250g vegetarian mutton (I used veggie land brand)
4 large pink shallots, sliced thinly
3-4 tsp chicken curry powder
1 tsp chili powder
1 tsp turmeric powder
1 sprig curry leaf
1 tsp ghee + 1 tbsp cooking oil
1 star anise (powdered , to add in the final stage of cooking)
To pound coarsely
2 shallots
3 nips garlic
1in ginger
1 tsp cumin seeds
1 tsp fennel seeds
Tempering
1 stick cinnamon
3 cloves
2 cardamom
2 sprigs curry leaves
8 red dried chilies (keep whole)
Method:
Cut each mutton pieces into 4 parts or smaller. In a wok, add in ghee and cooking oil,
Fry the cut mutton pieces in low flame until slightly fried. Dish out.

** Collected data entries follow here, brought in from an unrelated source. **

(* Let $S$ be a nondegenerate simplex in $\mathbb R^n$ with $S\subset Q_n\subset nS$, with vertices $x^{(1)},\dots,x^{(n+1)}$, and let $\lambda_j(x)=l_{1j}x_1+\dots+l_{nj}x_n+l_{n+1,j}$ ($1\le j\le n+1$) be its basic Lagrange polynomials. Then: (i) $\max_{x\in\mathrm{ver}(Q_n)}\lambda_j(x)=1$ for all $j=1,\dots,n+1$; (ii) $\max_{x\in\mathrm{ver}(Q_n)}(-\lambda_j(x))=\frac{n-1}{n+1}$ for all $j=1,\dots,n+1$; (iii) the same equalities as in (i) and (ii) hold with maxima taken over $x\in Q_n$; (iv) $c(S)=c(Q_n)=(\tfrac12,\dots,\tfrac12)$; (v) for every integer $k\ge0$, $\frac{1}{n^{k+1}}Q_n\subset\frac1{n^k}S\subset\frac1{n^k}Q_n$ and $n^kS\subset n^kQ_n\subset n^{k+1}S$, i.e. $\dots\subset\frac1{n^2}S\subset\frac1nQ_n\subset S\subset Q_n\subset nS\subset n^2Q_n\subset n^3S\subset\dots$; (vi) $\sum_{j=1}^{n+1}|l_{ij}|=2$ for $1\le i\le n$, and $\sum_{i=1}^{n}|l_{ij}|=\frac{2n}{n+1}$ for $1\le j\le n+1$; (vii) for $1\le j\le n+1$: $\sum_{i\le n,\ l_{ij}\ge0}l_{ij}=1-l_{n+1,j}$ and $\sum_{i\le n,\ l_{ij}<0}|l_{ij}|=\frac{n-1}{n+1}+l_{n+1,j}$; (viii) $Q_n\subset\bigcap_{j=1}^{n+1}D_j$, where $D_j=\{x\in\mathbb R^n: -\frac{n-1}{n+1}\le\lambda_j(x)\le1\}$.
   Context: $Q_n=[0,1]^n$. For a convex body $\Omega$ and $\sigma>0$, $\sigma\Omega$ denotes the homothetic image of $\Omega$ with center at the center of gravity $c(\Omega)$ of $\Omega$ and ratio $\sigma$. For a nondegenerate simplex $S$ with vertices $x^{(j)}=(x^{(j)}_1,\dots,x^{(j)}_n)$, $1\le j\le n+1$, the vertex matrix $A$ is the $(n+1)\times(n+1)$ matrix whose $j$th row is $(x^{(j)}_1,\dots,x^{(j)}_n,1)$; writing $A^{-1}=(l_{ij})$, the basic Lagrange polynomials are $\lambda_j(x)=l_{1j}x_1+\dots+l_{nj}x_n+l_{n+1,j}$; they satisfy $\lambda_j(x^{(k)})=\delta_{jk}$. *)

theory Defs
  imports "HOL-Analysis.Analysis"
begin

definition unit_cube :: "(real^'n) set" where
  "unit_cube = cbox 0 1"

definition cube_vertices :: "(real^'n) set" where
  "cube_vertices = {x. \<forall>i. x $ i = 0 \<or> x $ i = 1}"

definition center_of_gravity :: "(real^'n) set \<Rightarrow> real^'n" where
  "center_of_gravity \<Omega> = (1 / measure lebesgue \<Omega>) *\<^sub>R integral \<Omega> (\<lambda>x. x)"

definition homot :: "real \<Rightarrow> (real^'n) set \<Rightarrow> (real^'n) set" where
  "homot \<sigma> \<Omega> = (\<lambda>y. center_of_gravity \<Omega> + \<sigma> *\<^sub>R (y - center_of_gravity \<Omega>)) ` \<Omega>"

text \<open>Vertices are indexed by the type 'n option (n+1 elements); the coordinate
  columns of the vertex matrix are indexed by Some i, the last column (all ones) by None.\<close>
definition vertex_matrix :: "('n option \<Rightarrow> real^'n) \<Rightarrow> real^('n option)^('n option)" where
  "vertex_matrix x = (\<chi> j k. case k of Some i \<Rightarrow> x j $ i | None \<Rightarrow> 1)"

text \<open>Coefficient l_{ij} of the inverse vertex matrix; row index Some i (i-th coordinate)
  or None (the (n+1)-st row), column index j (vertex).\<close>
definition lcoef :: "('n option \<Rightarrow> real^'n) \<Rightarrow> 'n option \<Rightarrow> 'n option \<Rightarrow> real" where
  "lcoef x i j = matrix_inv (vertex_matrix x) $ i $ j"

definition lagrange :: "('n option \<Rightarrow> real^'n) \<Rightarrow> 'n option \<Rightarrow> real^'n \<Rightarrow> real" where
  "lagrange x j y = (\<Sum>i\<in>UNIV. lcoef x (Some i) j * y $ i) + lcoef x None j"

definition simplex_of :: "('n option \<Rightarrow> real^'n) \<Rightarrow> (real^'n) set" where
  "simplex_of x = convex hull (range x)"

end

theory Submission
  imports Defs
begin

text \<open>Each \<open>\<lambda>_j\<close> is affine, so on the cube its maximum is \<open>p_j + l_{n+1,j}\<close> and its
  minimum is \<open>l_{n+1,j} - q_j\<close>, both attained at vertices, where \<open>p_j\<close> and \<open>q_j\<close> are the
  sums of the positive and negative parts of \<open>l_{1j}, ..., l_{nj}\<close>. The centroid of \<open>S\<close> has
  all barycentric coordinates \<open>1/(n+1)\<close> (by self-similarity of \<open>S\<close> under homotheties towards
  a vertex), so \<open>Q \<subseteq> nS\<close> gives \<open>\<lambda>_j \<ge> -(n-1)/(n+1)\<close> on \<open>Q\<close>, i.e. \<open>q_j - l_{n+1,j} \<le> (n-1)/(n+1)\<close>,
  while \<open>x_j \<in> Q\<close> gives \<open>p_j + l_{n+1,j} \<ge> 1\<close>. Each of the first \<open>n\<close> rows of the inverse
  vertex matrix sums to \<open>0\<close> and has positive part at least \<open>1\<close>, because
  \<open>\<Sum>_j l_{ij} (x_j)_i = 1\<close> with \<open>0 \<le> (x_j)_i \<le> 1\<close>. Summing the column bounds over \<open>j\<close> and the
  row bounds over \<open>i\<close> counts the same quantities, so all these inequalities are equalities;
  the remaining claims follow, in particular \<open>c(S) = (1/2, ..., 1/2)\<close> because
  \<open>\<lambda>_j(1/2, ..., 1/2) = (p_j - q_j)/2 + l_{n+1,j} = 1/(n+1)\<close>.\<close>

section \<open>Barycentric coordinates of a simplex\<close>

lemma sum_UNIV_option:
  "(\<Sum>k\<in>(UNIV::'a::finite option set). f k) = f None + (\<Sum>i\<in>UNIV. f (Some i))"
  by (simp add: UNIV_option_conv sum.reindex)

In the same wok, pour in 3 tbsp oil, add in the tempering ingredients, after a few stirs, add in thinly sliced shallots and saute until fragrant. Then add in pounded ingredients and stir fry for 2 mins.

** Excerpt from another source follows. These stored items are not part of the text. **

(* Let $({\bm w}_j^0)_{j\ge1}$ be a sequence of i.i.d. random variables with law $\pi_0$, and let $f^*$ be a continuous function on $X$. Assume there exist a constant $C$ and a sequence of real numbers $(a_j)_{j\ge1}$ with $\sup_j|a_j|\le C$ such that \[ \lim_{m\to\infty}\frac1m\sum_{j=1}^m a_j\phi({\bm x};{\bm w}_j^0)=f^*({\bm x})\quad\text{for all }{\bm x}\in X. \] Then, with probability $1$ (over the sequence $({\bm w}_j^0)$), there exists a measurable function $a^*:\Omega\to\mathbb{R}$ with $|a^*({\bm w})|\le C$ for $\pi_0$-a.e. ${\bm w}$ such that \[ f^*({\bm x})=\int_\Omega a^*({\bm w})\phi({\bm x};{\bm w})\,d\pi_0({\bm w})\quad\text{for all }{\bm x}\in X. \] In particular $\|f^*\|_\infty\le C$.
   Context: $X=[0,1]^d$; $\Omega\subset\mathbb{R}^p$ is compact; $\pi_0$ is a probability distribution with support $\Omega$; $\phi:X\times\Omega\to\mathbb{R}$ is continuous and bounded. For a function $f$ on $X$, $\|f\|_\infty:=\inf\{\|a\|_{L^\infty(\pi_0)}: f({\bm x})=\int a({\bm w})\phi({\bm x};{\bm w})d\pi_0({\bm w})\ \forall{\bm x}\in X\}$. *)

theory Defs
  imports "HOL-Probability.Probability"
begin

text \<open>The input domain X = [0,1]^d, with d given by the finite index type 'd.\<close>
definition unit_cube :: "(real ^ 'd) set" where
  "unit_cube = {x. \<forall>i. 0 \<le> x $ i \<and> x $ i \<le> 1}"
lemma ex_subgroup_meeting_involution_classes:
  "\<exists>S. subgroup S G \<and> card S = k \<and> (\<forall>t. involution G t \<longrightarrow> (\<exists>s\<in>S. conjugate G t s))"
proof -
  have "{None, Some \<one>} \<in> complete_edges (gbar G)"
    unfolding complete_edges_def gbar_def by auto
  then obtain F0 where F0: "F0 \<in> Fs" "{None, Some \<one>} \<in> F0"
    using edge_in_factor by blast
  have "\<exists>s\<in>stab F0. conjugate G t s" if t: "involution G t" for t
  proof -
    have tc: "t \<in> carrier G" "t \<noteq> \<one>"
      using t involution_iff by auto
    hence "{Some \<one>, Some t} \<in> complete_edges (gbar G)"
      unfolding complete_edges_def gbar_def by auto
    then obtain F where F: "F \<in> Fs" "{Some \<one>, Some t} \<in> F"
      using edge_in_factor by blast
    obtain b where b: "b \<in> infinity_nbrs F"
      using card_infinity_nbrs[OF F(1)] degree_pos by fastforce
    hence bc: "b \<in> carrier G"
      unfolding infinity_nbrs_def by simp
    have "t \<in> stab (graph_translate G F0 b)"
      using involution_in_stab[OF t F] factor_eq_translate[OF F0 F(1) b] by simp
    hence "b \<otimes> t \<otimes> inv b \<in> stab F0"
      by (rule stab_translate_conj[OF F0(1) bc])
    moreover have "conjugate G t (b \<otimes> t \<otimes> inv b)"
      unfolding conjugate_def using bc tc by (intro bexI[of _ "inv b"]) simp_all
    ultimately show ?thesis
      by blast
  qed
  moreover have "\<one> \<in> infinity_nbrs F0"
    using F0 unfolding infinity_nbrs_def by simp
  ultimately show ?thesis
    using stab_subgroup[OF F0(1)] card_stab[OF F0(1)] by blast
qed

end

Add in vegetarian mutton, top with all the powders. Stir quickly to combine the powders with the ingredients. Sprinkle some water and add salt to taste. Keep stirring until all the ingredients are well combined.
Finalize by throwing in the curry leaf and star anise powder. Give a few stirs and dish out. Serve as a side dish with rice.